What is Customer Lifetime Value (LTV)

Customer lifetime value is the revenue or margin that you receive from one customer over the lifetime of that customer. The term “Customer Lifetime Value” is known by many words. It’s also known as LTV or CLTV.

LTV is an important concept in SaaS. LTV by itself does not mean much. You must compare LTV to CAC (customer acquisition costs) for it to have true meaning in your SaaS business.

When we compare LTV to CAC, we are trying to understand the balance between upfront customer acquisition costs and LTV. If LTV equals CAC, we never make money on that customer. In fact, our company will burn cash because we must still cover other expenses in our business such as R&D and G&A.

The LTV to CAC rule of thumb is 3x. We want our LTV to be at least three times our CAC. The higher, the better.

The Traditional Lifetime Value Formula

The widely used LTV formula requires three inputs: cohort ARPA, gross margin, and dollar churn. For gross margin and churn, I like to use the trailing three to six months of data as a proxy for our current financial profile. Cohort ARPA can represent one month of acquisition or the trailing three if we don’t acquire many customers (enterprise setting).

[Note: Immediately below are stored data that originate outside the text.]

lemma closed_form_term_remove_lower:
  assumes i: "i \<in> {1..<r}" and l: "k i \<le> l i" "l i < m i" and ne: "b i (m i) \<noteq> b i (l i)"
  shows "b i (m i) * closed_form_term r b k (m(i := m i - 1)) l =
    (b i (m i) - b i (l i)) * closed_form_term r b k m l"
proof -
  obtain p where p: "m i = Suc p"
    using l by (metis less_imp_Suc_add)
  have coeff: "b i (m i) * lagrange_coeff (b i) (k i) p (l i) =
      (b i (m i) - b i (l i)) * lagrange_coeff (b i) (k i) (m i) (l i)"
    using lagrange_coeff_Suc[of "k i" "l i" p "b i"] l ne by (simp add: p)
  have "(\<Prod>j\<in>{1..<r}. lagrange_coeff (b j) (k j) ((m(i := p)) j) (l j)) =
      lagrange_coeff (b i) (k i) p (l i) * (\<Prod>j\<in>{1..<r} - {i}. lagrange_coeff (b j) (k j) (m j) (l j))"
    using i by (simp add: prod.remove)
  moreover have "(\<Prod>j\<in>{1..<r}. lagrange_coeff (b j) (k j) (m j) (l j)) =
      lagrange_coeff (b i) (k i) (m i) (l i) * (\<Prod>j\<in>{1..<r} - {i}. lagrange_coeff (b j) (k j) (m j) (l j))"
    using i by (simp add: prod.remove)
  moreover have "i \<noteq> r" using i by simp
  ultimately show ?thesis
    using coeff by (simp add: closed_form_term_def p)
qed

lemma closed_form_remove_lower:
  assumes i: "i \<in> {1..<r}" and "0 < m i" and inj: "inj_on (b i) {k i..m i}"
  shows "b i (m i) * closed_form r b k (m(i := m i - 1)) =
    (\<Sum>l\<in>(\<Pi>\<^sub>E j\<in>{1..<r}. {k j..m j}). (b i (m i) - b i (l i)) * closed_form_term r b k m l)"
    (is "_ = (\<Sum>l\<in>?S. _)")
proof -
  have lower: "(\<Pi>\<^sub>E j\<in>{1..<r}. {k j..(m(i := m i - 1)) j}) = {l\<in>?S. l i \<noteq> m i}"
    using i \<open>0 < m i\<close> by (force simp: PiE_def Pi_def)
  have "(\<Sum>l\<in>?S. (b i (m i) - b i (l i)) * closed_form_term r b k m l) =
      (\<Sum>l\<in>{l\<in>?S. l i \<noteq> m i}. (b i (m i) - b i (l i)) * closed_form_term r b k m l)"
    by (rule sum.mono_neutral_right) (auto intro: finite_PiE)
  also have "\<dots> = (\<Sum>l\<in>{l\<in>?S. l i \<noteq> m i}. b i (m i) * closed_form_term r b k (m(i := m i - 1)) l)"
  proof (rule sum.cong [OF refl])
    fix l assume "l \<in> {l\<in>?S. l i \<noteq> m i}"
    then have "k i \<le> l i" "l i < m i"
      using i by (auto simp: PiE_def Pi_def)
    moreover have "b i (m i) \<noteq> b i (l i)"
      using inj calculation by (auto dest: inj_onD)
    ultimately show "(b i (m i) - b i (l i)) * closed_form_term r b k m l =
        b i (m i) * closed_form_term r b k (m(i := m i - 1)) l"
      using closed_form_term_remove_lower[OF i] by simp
  qed
  finally show ?thesis
    unfolding closed_form_def lower sum_distrib_left by (rule sym)
qed

lemma closed_form_term_remove_last:
  assumes "0 < m r" and ne: "b r (m r) + (\<Sum>g\<in>{1..<r}. b g (l g)) \<noteq> 0"
  shows "b r (m r) * closed_form_term r b k (m(r := m r - 1)) l =
    (b r (m r) + (\<Sum>g\<in>{1..<r}. b g (l g))) * closed_form_term r b k m l"
proof -
  obtain p where p: "m r = Suc p"
    using \<open>0 < m r\<close> gr0_implies_Suc by blast
  have "{1..Suc p} = insert (Suc p) {1..p}" by auto
  then show ?thesis
    using ne by (simp add: closed_form_term_def p)
qed

lemma closed_form_remove_last:
  assumes "0 < m r"
    and ne: "\<And>l. l \<in> (\<Pi>\<^sub>E j\<in>{1..<r}. {k j..m j}) \<Longrightarrow> b r (m r) + (\<Sum>g\<in>{1..<r}. b g (l g)) \<noteq> 0"
  shows "b r (m r) * closed_form r b k (m(r := m r - 1)) =
    (\<Sum>l\<in>(\<Pi>\<^sub>E j\<in>{1..<r}. {k j..m j}).
       (b r (m r) + (\<Sum>g\<in>{1..<r}. b g (l g))) * closed_form_term r b k m l)"
proof -
  have "(\<Pi>\<^sub>E j\<in>{1..<r}. {k j..(m(r := m r - 1)) j}) = (\<Pi>\<^sub>E j\<in>{1..<r}. {k j..m j})"
    by (intro PiE_cong) auto
  then show ?thesis
    unfolding closed_form_def sum_distrib_left
  proof (intro sum.cong)
    fix l assume "l \<in> (\<Pi>\<^sub>E j\<in>{1..<r}. {k j..m j})"
    from closed_form_term_remove_last[of m r b l k, OF \<open>0 < m r\<close> ne[OF this]]
    show "b r (m r) * closed_form_term r b k (m(r := m r - 1)) l =
        (b r (m r) + (\<Sum>g\<in>{1..<r}. b g (l g))) * closed_form_term r b k m l" .
  qed
qed

lemma closed_form_recurrence:
  assumes "1 \<le> r" and m_pos: "\<And>j. j \<in> {1..r} \<Longrightarrow> 0 < m j"
    and inj: "\<And>j. j \<in> {1..<r} \<Longrightarrow> inj_on (b j) {k j..m j}"
    and ne: "\<And>l. l \<in> (\<Pi>\<^sub>E j\<in>{1..<r}. {k j..m j}) \<Longrightarrow> b r (m r) + (\<Sum>g\<in>{1..<r}. b g (l g)) \<noteq> 0"
  shows "(\<Sum>i\<in>{1..r}. b i (m i)) * closed_form r b k m =
    (\<Sum>i\<in>{1..r}. b i (m i) * closed_form r b k (m(i := m i - 1)))"
proof -
  let ?S = "\<Pi>\<^sub>E j\<in>{1..<r}. {k j..m j}"
  let ?T = "closed_form_term r b k m"
  have r: "{1..r} = insert r {1..<r}"
    using \<open>1 \<le> r\<close> by auto
  have "(\<Sum>i\<in>{1..r}. b i (m i) * closed_form r b k (m(i := m i - 1))) =
      (\<Sum>l\<in>?S. (b r (m r) + (\<Sum>g\<in>{1..<r}. b g (l g))) * ?T l)
      + (\<Sum>i\<in>{1..<r}. \<Sum>l\<in>?S. (b i (m i) - b i (l i)) * ?T l)"
    unfolding r
    using closed_form_remove_last[of m r k b] closed_form_remove_lower[of _ r m b k] m_pos inj ne \<open>1 \<le> r\<close>
    by simp
  also have "(\<Sum>i\<in>{1..<r}. \<Sum>l\<in>?S. (b i (m i) - b i (l i)) * ?T l) =
      (\<Sum>l\<in>?S. ((\<Sum>i\<in>{1..<r}. b i (m i)) - (\<Sum>g\<in>{1..<r}. b g (l g))) * ?T l)"
    by (subst sum.swap) (simp add: sum_distrib_right sum_subtractf left_diff_distrib)
  also have "(\<Sum>l\<in>?S. (b r (m r) + (\<Sum>g\<in>{1..<r}. b g (l g))) * ?T l) + \<dots> =
      (\<Sum>l\<in>?S. (\<Sum>i\<in>{1..r}. b i (m i)) * ?T l)"
    unfolding sum.distrib[symmetric] r by (simp add: algebra_simps)
  finally show ?thesis
    unfolding closed_form_def[of r b k m] sum_distrib_left by (rule sym)
qed

lemma closed_form_eq_0:
  assumes "j \<in> {1..<r}" "m j < k j"
  shows "closed_form r b k m = 0"
proof -
  have "(\<Pi>\<^sub>E j\<in>{1..<r}. {k j..m j}) = {}"
    using assms by (auto simp: PiE_eq_empty_iff)
  then show ?thesis
    by (simp add: closed_form_def)
qed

When we gross margin adjust LTV, LTV is reduced by the direct expenses in COGS that are necessary to deliver our revenue.

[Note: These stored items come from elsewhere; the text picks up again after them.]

text \<open>Write \<open>f C\<close> for the \<open>X\<^sub>C\<close>-average of \<open>MMD\<^sup>2(P\<^sub>Y, P(Y | X\<^sub>C))\<close>. The indices \<open>MMD\<^sup>2\<^sub>B\<close>
  are the Moebius transform of \<open>f\<close>, so their sum over all \<open>B\<close> meeting \<open>A\<close> telescopes to
  \<open>f I - f (I - A)\<close>. By independence, \<open>P(Y | X\<^sub>C = x)\<close> is the image under \<open>\<eta>\<close> of the product of
  the remaining marginals with \<open>x\<close> fixed, so averaging it over \<open>x\<close> returns \<open>P\<^sub>Y\<close> (tower
  property). Hence the cross term \<open>E k(\<xi>, Y)\<close> averages to \<open>E k(Y, Y')\<close>, and
  \<open>f C = E\<^sub>x E k(\<xi>, \<xi>') - E k(Y, Y')\<close> for independent draws \<open>\<xi>, \<xi>'\<close> from \<open>P(Y | X\<^sub>C = x)\<close>.
  For \<open>C = I\<close> the conditional law is the Dirac mass at \<open>\<eta> x\<close>, so \<open>f I = MMD\<^sup>2\<^sub>t\<^sub>o\<^sub>t\<close>; since the
  diagonal term \<open>E k(\<xi>, \<xi>)\<close> also averages to \<open>E k(Y, Y)\<close>, the difference \<open>f I - f (I - A)\<close> is
  the claimed numerator.\<close>

lemma sum_Pow_moebius_inversion:
  fixes f :: "'a set \<Rightarrow> 'b::comm_ring_1"
  assumes "finite S"
  shows "(\<Sum>B\<in>Pow S. \<Sum>C\<in>Pow B. (-1) ^ (card B - card C) * f C) = f S"
proof -
  have "(\<Sum>B\<in>Pow S. \<Sum>C\<in>Pow B. (-1) ^ (card B - card C) * f C)
      = (\<Sum>B\<in>Pow S. \<Sum>C | C \<in> Pow S \<and> C \<subseteq> B. (-1) ^ card B * ((-1) ^ card C * f C))"
  proof (rule sum.cong[OF refl])
    fix B assume B: "B \<in> Pow S"
    have "{C. C \<in> Pow S \<and> C \<subseteq> B} = Pow B" using B by auto
    moreover have "(-1) ^ (card B - card C) = (-1) ^ card B * ((-1) ^ card C :: 'b)"
      if "C \<in> Pow B" for C
      using that B assms card_mono[of B C] finite_subset[of B S]
      by (simp add: neg_one_power_add_eq_neg_one_power_diff[symmetric] power_add)
    ultimately show "(\<Sum>C\<in>Pow B. (-1) ^ (card B - card C) * f C) =
        (\<Sum>C | C \<in> Pow S \<and> C \<subseteq> B. (-1) ^ card B * ((-1) ^ card C * f C))"
      by (simp add: mult.assoc)
  qed
  also have "\<dots> = (\<Sum>C\<in>Pow S. (\<Sum>B | B \<subseteq> S \<and> C \<subseteq> B. (-1) ^ card B) * ((-1) ^ card C * f C))"
    unfolding sum_distrib_left
    by (subst sum.swap_restrict; simp add: assms sum_distrib_right Pow_def)
  also have "\<dots> = (\<Sum>C\<in>Pow S. if C = S then f S else 0)"
  proof (rule sum.cong[OF refl])
    fix C assume C: "C \<in> Pow S"
    show "(\<Sum>B | B \<subseteq> S \<and> C \<subseteq> B. (-1) ^ card B) * ((-1) ^ card C * f C) = (if C = S then f S else 0)"
    proof (cases "C = S")
      case True
      have "{B. B \<subseteq> S \<and> S \<subseteq> B} = {S}" by auto
      then show ?thesis using True by (simp flip: power_add mult.assoc)
    next
      case False
      then have "C \<subset> S" using C by auto
      then have "(\<Sum>B | B \<subseteq> S \<and> C \<subseteq> B. (-1::'b) ^ card B) = 0"
        by (intro sum_alternating_cancels) (simp_all add: assms card_subsupersets_even_odd)
      then show ?thesis using False by simp
    qed
  qed
  also have "\<dots> = f S" using assms by simp
  finally show ?thesis .
qed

That’s why I like describing LTV as the cash flows from our customers. The cash flow is then be used to cover our operating expenses (OpEx) which include R&D, sales, marketing, and G&A.

SaaS LTV formula
SaaS LTV Inputs

LTV Adjusted for Variable Revenue

Our traditional LTV formula above factors in only one revenue stream. Traditionally, this has been subscription-based. As our revenue streams expand, so does our new LTV+ formula.

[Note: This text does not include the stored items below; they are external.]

lemma face_turns_closed:
  "\<forall>f\<in>face_turns. \<forall>s\<in>stickers3. f s \<in> stickers3"
  "\<forall>f\<in>face_turns. \<forall>s\<in>corner_stickers. f s \<in> corner_stickers"
  by (auto simp: face_turns_def stickers3_closed corner_stickers_closed)

lemma G3_permutes: "g \<in> carrier G3 \<Longrightarrow> g permutes stickers3"
  using group.generate_in_carrier[OF group_perm_group, of "moves stickers3" stickers3 g]
    moves_permutes(1)[OF face_turns_closed(1)] by (auto simp: G3_def)

lemma G2_permutes: "g \<in> carrier G2 \<Longrightarrow> g permutes corner_stickers"
  using group.generate_in_carrier[OF group_perm_group, of "moves corner_stickers" corner_stickers g]
    moves_permutes(1)[OF face_turns_closed(2)] by (auto simp: G2_def)

lemma psi_eq_restrict_perm: "psi = restrict_perm corner_stickers"
  by (intro ext) (simp add: psi_def restrict_perm_def)

lemma psi_hom: "psi \<in> hom G3 G2"
proof -
  have "restrict_perm corner_stickers \<in> hom G3 ((perm_group corner_stickers)\<lparr>carrier :=
          generate (perm_group corner_stickers) (restrict_perm corner_stickers ` moves stickers3)\<rparr>)"
    unfolding G3_def
  proof (rule restrict_perm_hom)
    show "moves stickers3 \<subseteq> {p. p permutes stickers3}"
      using moves_permutes(1)[OF face_turns_closed(1)] by blast
    show "\<And>m. m \<in> moves stickers3 \<Longrightarrow> m ^^ 4 = id"
      by (rule moves_permutes(2)[OF face_turns_closed(1)])
    show "m s \<in> corner_stickers" if "m \<in> moves stickers3" "s \<in> corner_stickers" for m s
    proof -
      obtain f where "f \<in> face_turns" "m = restrict_perm stickers3 f"
        using \<open>m \<in> moves stickers3\<close> by (auto simp: moves_eq)
      then show ?thesis
        using face_turns_closed(2) \<open>s \<in> corner_stickers\<close> by (simp add: restrict_perm_def stickers3_def)
    qed
  qed simp
  moreover have "restrict_perm corner_stickers ` moves stickers3 = moves corner_stickers"
    by (simp add: moves_eq image_image restrict_perm_restrict_perm stickers3_def)
  ultimately show ?thesis
    by (simp add: G2_def psi_eq_restrict_perm)
qed

section \<open>Corner orientation\<close>

(* The rotation by 120 degrees about the outward diagonal of a corner, in the same sense at
   every corner; the induced cycle of the axis directions x, y, z is therefore reversed at the
   corners with x * y * z = -1. Face turns, being rotations, commute with it. *)
definition corner_turn :: "sticker \<Rightarrow> sticker" where
  "corner_turn s = (case s of ((x, y, z), n) \<Rightarrow> ((x, y, z),
     if x * y * z = 1
     then (if n = (x, 0, 0) then (0, y, 0) else if n = (0, y, 0) then (0, 0, z) else (x, 0, 0))
     else (if n = (x, 0, 0) then (0, 0, z) else if n = (0, 0, z) then (0, y, 0) else (x, 0, 0))))"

To factor in variable revenue (usage, processing, transaction, etc.), we must include the margin-adjusted variable revenue in the numerator.

The variable revenue input is the average variable revenue received from one customer on a monthly or annual basis. Of course, variable revenue is variable! But we must estimate this amount.
It could be historical-based (average ARPA over the past 12 months) or contract-based (do we have minimum variable tiers in our contract?).

Be sure to be consistent with monthly or annual numbers in the LTV formula.

SaaS LTV+ Formula
SaaS LTV+ Inputs

Customer Lifetime Value Example

Below I demonstrate a traditional LTV example and an LTV+ example. You can see that there is a huge difference in LTV if we forget significant variable revenue streams in the equation.

LTV Inputs

  • $100 MRR – the monthly cohort ARPA from our most recent customer wins
  • $300 Variable – the monthly average variable revenue that we receive from customer
  • 1% Churn – the monthly dollar churn (I use 1 – Gross Dollar Retention)
  • 80% – the gross margin percentage from our subscription revenue line
  • 90% – the gross margin percentage from our variable revenue line
SaaS LTV+ Example
SaaS LTV Example

Customer Lifetime Value Nuances

A couple of things to remember with LTV. LTV is a point in time calculation. Meaning, next month your numbers may be different based on the performance of your business. For example, has your churn or gross margin profile changed?

The common LTV formula does not factor in the time value of money. My template below includes an advanced LTV formula which factors in time value of money.

The common LTV formula does not factor in customer expansion. My advanced formula factors in expansion but be careful when comparing to CAC. CAC traditionally measures new acquisition only. It does not factor in expansion costs.

Finally, I’m assuming churn is the same for variable revenue and subscription revenue. This is a difficult one because we know that variable revenue increases and decreases each month.

SaaS LTV Nuances

Action Items

First, review your revenue streams. Do you have subscription revenue only? Or do you have a mix of recurring revenue? If you have variable revenue streams that comprise more than 10% of your total revenue, you may want to use the LTV and LTV+ formula. Compare the difference in the results.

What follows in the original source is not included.